* Task details
I need every line of the material below that includes the string "exists".

* Exercise input
□ □ □ □

theorem real_symmetric_orthogonally_diagonalizable:
  fixes A :: "real mat"
  assumes "A \<in> carrier_mat n n" and "transpose_mat A = A"
  shows "\<exists>Q d. orthonormal_mat n Q \<and> transpose_mat Q * A * Q = diag_of n d"
  using assms
proof (induction n arbitrary: A)
  case 0
  then show ?case
    by (intro exI[of _ "1\<^sub>m 0"] exI[of _ "\<lambda>_. 0"]) (auto simp: orthonormal_mat_one diag_of_def)
next
  case (Suc n)
  obtain H e B where H: "orthonormal_mat (Suc n) H" and B: "B \<in> carrier_mat n n"
    and "transpose_mat B = B" and HAH: "transpose_mat H * A * H = block_diag_mat (diag_of 1 (\<lambda>_. e)) B"
    using real_symmetric_deflation[OF Suc.prems] by blast
  obtain Q' d where Q': "orthonormal_mat n Q'" and QBQ: "transpose_mat Q' * B * Q' = diag_of n d"
    using Suc.IH[OF B \<open>transpose_mat B = B\<close>] by blast
  define R where "R = block_diag_mat (1\<^sub>m 1) Q'"
  have R: "orthonormal_mat (Suc n) R"
    unfolding R_def using orthonormal_block_diag_mat[OF orthonormal_mat_one[of 1] Q'] by simp
  have "transpose_mat (H * R) * A * (H * R) = transpose_mat R * (transpose_mat H * A * H) * R"
    using orthonormal_mat_carrier[OF H] orthonormal_mat_carrier[OF R] Suc.prems(1)
    by (rule transpose_mult_mult_mult)
  also have "\<dots> = block_diag_mat (transpose_mat (1\<^sub>m 1) * diag_of 1 (\<lambda>_. e) * 1\<^sub>m 1)
      (transpose_mat Q' * B * Q')"
    unfolding HAH R_def
    by (rule block_diag_mat_conj[where k = 1])
      (use Q' B in \<open>simp_all add: orthonormal_mat_carrier\<close>)
  also have "\<dots> = block_diag_mat (diag_of 1 (\<lambda>_. e)) (diag_of n d)"
    by (simp add: QBQ left_mult_one_mat[of _ "Suc 0" "Suc 0"] right_mult_one_mat[of _ "Suc 0" "Suc 0"])
  also have "\<dots> = diag_of (Suc n) (\<lambda>i. if i < 1 then e else d (i - 1))"
    using block_diag_mat_diag_of[of 1 "\<lambda>_. e" n d] by simp
  finally show ?case
    using orthonormal_mat_mult[OF H R] by blast
qed

lemma permutes_sorting_descending:
  fixes f :: "nat \<Rightarrow> 'a :: linorder"
  shows "\<exists>p. p permutes {..<n} \<and> (\<forall>i j. i \<le> j \<and> j < n \<longrightarrow> f (p j) \<le> f (p i))"
proof -
  define xs where "xs = map f [0..<n]"
  have "mset (rev (sort xs)) = mset xs" by simp
  then obtain p where p: "p permutes {..<length xs}" and pxs: "permute_list p xs = rev (sort xs)"
    using mset_eq_permutation by metis
  have "p permutes {..<n}" using p unfolding xs_def by simp
  then have fp: "f (p i) = rev (sort xs) ! i" if "i < n" for i
    using that p permutes_in_image[OF p] unfolding pxs[symmetric]
    by (simp add: permute_list_nth xs_def)
  have "f (p j) \<le> f (p i)" if "i \<le> j" "j < n" for i j
    using that sorted_nth_mono[OF sorted_sort, of "n - Suc j" "n - Suc i" xs]
    by (simp add: fp rev_nth xs_def)
  then show ?thesis using \<open>p permutes {..<n}\<close> by blast
qed

definition perm_mat :: "nat \<Rightarrow> (nat \<Rightarrow> nat) \<Rightarrow> 'a :: {zero, one} mat" where
  "perm_mat n p = mat n n (\<lambda>(i, j). if i = p j then 1 else 0)"

lemma col_perm_mat:
  assumes "p permutes {..<n}" "j < n"
  shows "col (perm_mat n p) j = unit_vec n (p j)"
  using assms by (auto intro!: eq_vecI simp: perm_mat_def unit_vec_def)

lemma orthonormal_perm_mat:
  assumes p: "p permutes {..<n}"
  shows "orthonormal_mat n (perm_mat n p :: 'a :: comm_ring_1 mat)"
proof (rule orthonormal_matI_cols)
  fix i j assume "i < n" "j < n"
  then show "col (perm_mat n p) i \<bullet> col (perm_mat n p) j = (if i = j then 1 else (0 :: 'a))"
    using permutes_in_image[OF p] permutes_inj[OF p]
    by (simp add: col_perm_mat[OF p] inj_eq)
qed (simp add: perm_mat_def)

lemma perm_mat_conj_index:
  fixes X :: "'a :: comm_ring_1 mat"
  assumes p: "p permutes {..<n}" and X: "X \<in> carrier_mat n n" and i: "i < n" and j: "j < n"
  shows "(transpose_mat (perm_mat n p) * X * perm_mat n p) $$ (i, j) = X $$ (p i, p j)"
proof -
  have P: "perm_mat n p \<in> carrier_mat n n" by (simp add: perm_mat_def)
  show ?thesis
    unfolding transpose_mult_mult_index[OF P X i j] col_perm_mat[OF p i] col_perm_mat[OF p j]
    using X permutes_in_image[OF p] i j by simp
qed

theorem real_symmetric_orthogonally_diagonalizable_sorted:
  fixes A :: "real mat"
  assumes A: "A \<in> carrier_mat n n" and "transpose_mat A = A"
  shows "\<exists>Q d. orthonormal_mat n Q \<and> transpose_mat Q * A * Q = diag_of n d \<and>
    (\<forall>i j. i \<le> j \<and> j < n \<longrightarrow> d j \<le> d i)"
proof -
  obtain Q d where Q: "orthonormal_mat n Q" and QAQ: "transpose_mat Q * A * Q = diag_of n d"
    using real_symmetric_orthogonally_diagonalizable[OF assms] by blast
  obtain p where p: "p permutes {..<n}" and mono: "\<forall>i j. i \<le> j \<and> j < n \<longrightarrow> d (p j) \<le> d (p i)"
    using permutes_sorting_descending by blast
  have P: "orthonormal_mat n (perm_mat n p :: real mat)"
    using p by (rule orthonormal_perm_mat)
  have "transpose_mat (Q * perm_mat n p) * A * (Q * perm_mat n p)
      = transpose_mat (perm_mat n p) * diag_of n d * perm_mat n p"
    using orthonormal_mat_carrier[OF Q] orthonormal_mat_carrier[OF P] A
    by (simp only: transpose_mult_mult_mult QAQ)
  also have "\<dots> = diag_of n (d \<circ> p)"
  proof (rule eq_matI)
    fix i j assume "i < dim_row (diag_of n (d \<circ> p))" "j < dim_col (diag_of n (d \<circ> p))"
    then have ij: "i < n" "j < n" by (simp_all add: diag_of_def)
    then show "(transpose_mat (perm_mat n p) * diag_of n d * perm_mat n p) $$ (i, j)
        = diag_of n (d \<circ> p) $$ (i, j)"
      unfolding perm_mat_conj_index[OF p diag_of_carrier ij]
      using ij permutes_in_image[OF p] permutes_inj[OF p] by (simp add: diag_of_def inj_eq)
  qed (simp_all add: diag_of_def perm_mat_def)
  finally show ?thesis
    using orthonormal_mat_mult[OF Q P] mono
    by (intro exI[of _ "Q * perm_mat n p"] exI[of _ "d \<circ> p"]) simp
qed

lemma mult_mat_vec_in_vspan_cols:
  fixes A :: "real mat"
  assumes A: "A \<in> carrier_mat N k" and y: "y \<in> carrier_vec k"
  shows "A *\<^sub>v y \<in> vspan N (set (cols A))"
proof -
  interpret vec_space "TYPE(real)" N .
  have cols: "set (cols A) \<subseteq> carrier_vec N" using A cols_dim by blast
  have "mat_of_cols N (cols A) = A" "vec k (\<lambda>i. y $ i) = y"
    using A y mat_of_cols_cols[of A] by auto
  then have "A *\<^sub>v y = lincomb_list (\<lambda>i. y $ i) (cols A)"
    using A cols by (subst lincomb_list_as_mat_mult) auto
  then have "A *\<^sub>v y \<in> span_list (cols A)"
    by (intro in_span_listI) simp_all
  then show ?thesis
    unfolding vspan_def span_list_as_span[OF cols] .
qed

lemma vspan_cols_mult_subset:
  fixes A B :: "real mat"
  assumes A: "A \<in> carrier_mat N k" and B: "B \<in> carrier_mat k l"
  shows "vspan N (set (cols (A * B))) \<subseteq> vspan N (set (cols A))"
proof -
  interpret vec_space "TYPE(real)" N .
  have "set (cols A) \<subseteq> carrier_vec N" using A cols_dim by blast
  moreover have "set (cols (A * B)) \<subseteq> vspan N (set (cols A))"
  proof
    fix v assume "v \<in> set (cols (A * B))"
    then obtain j where "j < l" and "v = col (A * B) j"
      using B by (auto simp: cols_def)
    then have "v = A *\<^sub>v col B j" using col_mult2[OF A B] by simp
    then show "v \<in> vspan N (set (cols A))"
      using A B \<open>j < l\<close> by (simp add: mult_mat_vec_in_vspan_cols)
  qed
  ultimately show ?thesis
    unfolding vspan_def by (rule span_subsetI)
qed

□ □ □ □

* Result for this exercise
  shows "\<exists>Q d. orthonormal_mat n Q \<and> transpose_mat Q * A * Q = diag_of n d"
  shows "\<exists>p. p permutes {..<n} \<and> (\<forall>i j. i \<le> j \<and> j < n \<longrightarrow> f (p j) \<le> f (p i))"
  shows "\<exists>Q d. orthonormal_mat n Q \<and> transpose_mat Q * A * Q = diag_of n d \<and>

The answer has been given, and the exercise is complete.